都内某所で発生する猟奇殺人事件。根底には幼児虐待問題が横たわっている事が殺害現場から容易に想像できる。
犯人探しと虐待問題への取組みと、一粒で二度美味しい作品です。
容疑者が次から次へと現れ、事件の構図は最後まで分かりません、きっと。
でも、犯人の主張と言うか、目指す事は読んでいて直ぐに理解できます。密かに犯人にエールを送りながら読み進めるのではないでしょうか。
登場人物の過半は幼児虐待に無縁とは言えない設定。事件に対する態度・行動も千差万別です。だからこそ、物語に奥行きが生まれ、重厚な作品に仕上がってます。

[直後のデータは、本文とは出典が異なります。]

lemma log_quadratic_touching_point:
  fixes u :: "'a::euclidean_space \<Rightarrow> real"
  assumes u: "usc u" and growth: "Limsup at_infinity (\<lambda>x. ereal (u x / norm x ^ 2)) \<le> 0"
    and inner: "\<And>x. norm x \<le> R \<Longrightarrow> u x \<le> M" and "M < u x"
  obtains \<epsilon> x0 where "0 < \<epsilon>" "R < norm x0" "\<epsilon> * log_quadratic (norm x0 ^ 2) < u x0 - M"
    "\<forall>p\<in>ball x0 (norm x0 - R).
       u p - \<epsilon> * log_quadratic (norm p ^ 2) \<le> u x0 - \<epsilon> * log_quadratic (norm x0 ^ 2)"
proof -
  define h where "h = (\<lambda>y::'a. log_quadratic (norm y ^ 2))"
  have h1: "norm y ^ 2 / 2 \<le> h y" for y
    using log_quadratic_ge by (simp add: h_def)
  have h0: "0 \<le> h y" for y
    using order_trans[OF _ h1[of y], of 0] by simp
  define \<epsilon> where "\<epsilon> = (u x - M) / (h x + 1)"
  have \<epsilon>: "0 < \<epsilon>" "\<epsilon> * h x < u x - M"
    using \<open>M < u x\<close> h0[of x] by (auto simp: \<epsilon>_def field_simps)
  define w where "w = (\<lambda>y. u y - \<epsilon> * h y)"
  have "usc w"
    unfolding w_def h_def
    by (intro usc_diff_continuous u continuous_intros continuous_on_log_quadratic_norm)
  obtain R2 where R2: "\<And>y. R2 \<le> norm y \<Longrightarrow> u y < \<epsilon> / 2 * norm y ^ 2 + M"
    using Limsup_quadratic_eventually_less[OF growth, of "\<epsilon> / 2" M] \<epsilon>(1)
    by (auto simp: eventually_at_infinity)
  have "M < w x"
    using \<epsilon>(2) by (simp add: w_def)
  have "R < norm x"
    using inner[of x] \<open>M < u x\<close> by (cases "R < norm x") auto
  then have "x \<in> cball 0 (max R2 (norm x)) - ball 0 R"
    by simp
  moreover have "w p \<le> w x" if "max R2 (norm x) < dist 0 p" for p
    using R2[of p] that mult_left_mono[OF h1[of p] less_imp_le[OF \<epsilon>(1)]] \<open>M < w x\<close>
    by (simp add: w_def)
  ultimately obtain x0 where x0: "\<And>p. R \<le> dist 0 p \<Longrightarrow> w p \<le> w x0"
    using usc_attains_max_on_exterior[OF \<open>usc w\<close>] by metis
  have "M < w x0"
    using x0[of x] \<open>R < norm x\<close> \<open>M < w x\<close> by simp
  then have "\<epsilon> * h x0 < u x0 - M"
    by (simp add: w_def)
  moreover have "0 \<le> \<epsilon> * h x0"
    using \<epsilon>(1) h0[of x0] by simp
  ultimately have "R < norm x0"
    using inner[of x0] by (cases "R < norm x0") auto
  moreover have "\<forall>p\<in>ball x0 (norm x0 - R).
      u p - \<epsilon> * log_quadratic (norm p ^ 2) \<le> u x0 - \<epsilon> * log_quadratic (norm x0 ^ 2)"
    using exterior_max_imp_local_max[of R 0 w x0] x0 by (simp add: w_def h_def)
  ultimately show thesis
    using that \<epsilon>(1) \<open>\<epsilon> * h x0 < u x0 - M\<close> by (simp add: h_def)
qed
(* For $n\geq 1$, $$P^{(\mathsf{nest}, \mathsf{cros}, \mathsf{exc}, \mathsf{fix})}(\mathfrak{S}_n; p, q, tq, r)=\left(\frac{1+xt}{1+x}\right)^{n}P^{(\mathsf{nest}, \mathsf{cros},\mathsf{cpk}, \mathsf{exc}, \mathsf{fix})}\left(\mathfrak{S}_n; p, q, \frac{(1+x)^{2}t}{(x+t)(1+xt)},\frac{q(x+t)}{1+xt}, \frac{(1+x)r}{1+xt}\right),$$ equivalently, $$P^{(\mathsf{nest}, \mathsf{cros}, \mathsf{cpk}, \mathsf{exc}, \mathsf{fix})}(\mathfrak{S}_n; p, q, x, qt, r)=\left(\frac{1+u}{1+uv}\right)^{n}P^{(\mathsf{nest}, \mathsf{cros}, \mathsf{exc}, \mathsf{fix})}\left(\mathfrak{S}_n; p, q, qv, \frac{(1+uv)r}{1+u}\right),$$ where $u=\frac{1+t^{2}-2xt-(1-t)\sqrt{(1+t)^{2}-4xt}}{2(1-x)t}$ and $v=\frac{(1+t)^{2}-2xt-(1+t)\sqrt{(1+t)^{2}-4xt}}{2xt}$.
   Context: $\mathfrak{S}_n$ is the set of permutations of $[n]$. $P^{(\mathsf{stat}_1,\ldots,\mathsf{stat}_m)}(\Omega;t_1,\ldots,t_m)=\sum_{\sigma\in\Omega}\prod_j t_j^{\mathsf{stat}_j\sigma}$. For $\sigma\in\mathfrak{S}_n$: $\mathsf{exc}\,\sigma=\#\{i:\sigma(i)>i\}$, $\mathsf{fix}\,\sigma=\#\{i:\sigma(i)=i\}$, $\mathsf{cpk}\,\sigma=\#\{x\in[n]:\sigma^{-1}(x)<x>\sigma(x)\}$; $\mathsf{nest}_i\sigma=\#\{j: j<i<\sigma(i)<\sigma(j)\text{ or }\sigma(j)<\sigma(i)\le i<j\}$, $\mathsf{cros}_i\sigma=\#\{j: j<i<\sigma(j)<\sigma(i)\text{ or }\sigma(i)<\sigma(j)\le i<j\}$, $\mathsf{nest}=\sum_{i=1}^n\mathsf{nest}_i$, $\mathsf{cros}=\sum_{i=1}^n\mathsf{cros}_i$. *)

theory Defs
  imports "HOL-Combinatorics.Permutations" Complex_Main
begin

definition Sym :: "nat \<Rightarrow> (nat \<Rightarrow> nat) set" where
  "Sym n = {\<sigma>. \<sigma> permutes {1..n}}"

definition exc :: "nat \<Rightarrow> (nat \<Rightarrow> nat) \<Rightarrow> nat" where
  "exc n \<sigma> = card {i \<in> {1..n}. \<sigma> i > i}"

definition fixp :: "nat \<Rightarrow> (nat \<Rightarrow> nat) \<Rightarrow> nat" where
  "fixp n \<sigma> = card {i \<in> {1..n}. \<sigma> i = i}"

definition cpk :: "nat \<Rightarrow> (nat \<Rightarrow> nat) \<Rightarrow> nat" where
  "cpk n \<sigma> = card {x \<in> {1..n}. inv \<sigma> x < x \<and> x > \<sigma> x}"

definition nest_i :: "nat \<Rightarrow> (nat \<Rightarrow> nat) \<Rightarrow> nat \<Rightarrow> nat" where
  "nest_i n \<sigma> i = card {j \<in> {1..n}. (j < i \<and> i < \<sigma> i \<and> \<sigma> i < \<sigma> j)
                                    \<or> (\<sigma> j < \<sigma> i \<and> \<sigma> i \<le> i \<and> i < j)}"

definition cros_i :: "nat \<Rightarrow> (nat \<Rightarrow> nat) \<Rightarrow> nat \<Rightarrow> nat" where
  "cros_i n \<sigma> i = card {j \<in> {1..n}. (j < i \<and> i < \<sigma> j \<and> \<sigma> j < \<sigma> i)
                                    \<or> (\<sigma> i < \<sigma> j \<and> \<sigma> j \<le> i \<and> i < j)}"

definition nest :: "nat \<Rightarrow> (nat \<Rightarrow> nat) \<Rightarrow> nat" where
  "nest n \<sigma> = (\<Sum>i=1..n. nest_i n \<sigma> i)"

definition cros :: "nat \<Rightarrow> (nat \<Rightarrow> nat) \<Rightarrow> nat" where
  "cros n \<sigma> = (\<Sum>i=1..n. cros_i n \<sigma> i)"

definition Pgen :: "('a \<Rightarrow> nat) list \<Rightarrow> 'a set \<Rightarrow> real list \<Rightarrow> real" where
  "Pgen stats \<Omega> ts = (\<Sum>\<sigma>\<in>\<Omega>. prod_list (map2 (\<lambda>s t. t ^ s \<sigma>) stats ts))"

end

theory Submission
  imports Defs
begin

登場人物の設定を背景に事件の構図に戻ると、複雑の一言。詳しく書きたいけど、ネタバレになるので控えます。途中に別件の事件が発生するが、それも上手く回収されます。兎に角、最後まで気を抜けない。それだけを伝えておきます。
近年問題視されるようになって久しい児童虐待、それをテーマにした刑事ものミステリーです。ものすごく重いテーマですが、それ引けを取らない文章の力強さ、構成の精緻さ、そして強烈なメッセージ性に圧倒されます。
そもそも児童虐待の問題は周囲が認知しながらも通報にまでなかなか至らないという課題があります。これは、躾との区別とか、いろいろなデリケートな要素を含みますが、それ以上にそれを直視したくない、なかったことにしたいという心理的な働きもあるように思われます。
この作品は違います。真正面からこの問題を見据え、表現します。それゆえ確かに、描写が生々しく、読み進めることをためらうようなパートもあります。だけれども、この作品を読むことで、僕たちはこの問題を認識しておいたほうがきっと良い、そんな気がしています。
序盤の一文ですが「子供の頃に愛を与えないと、愛を与える存在には決して成長しない」という言葉が、読み終わった後もずっしりと残っています。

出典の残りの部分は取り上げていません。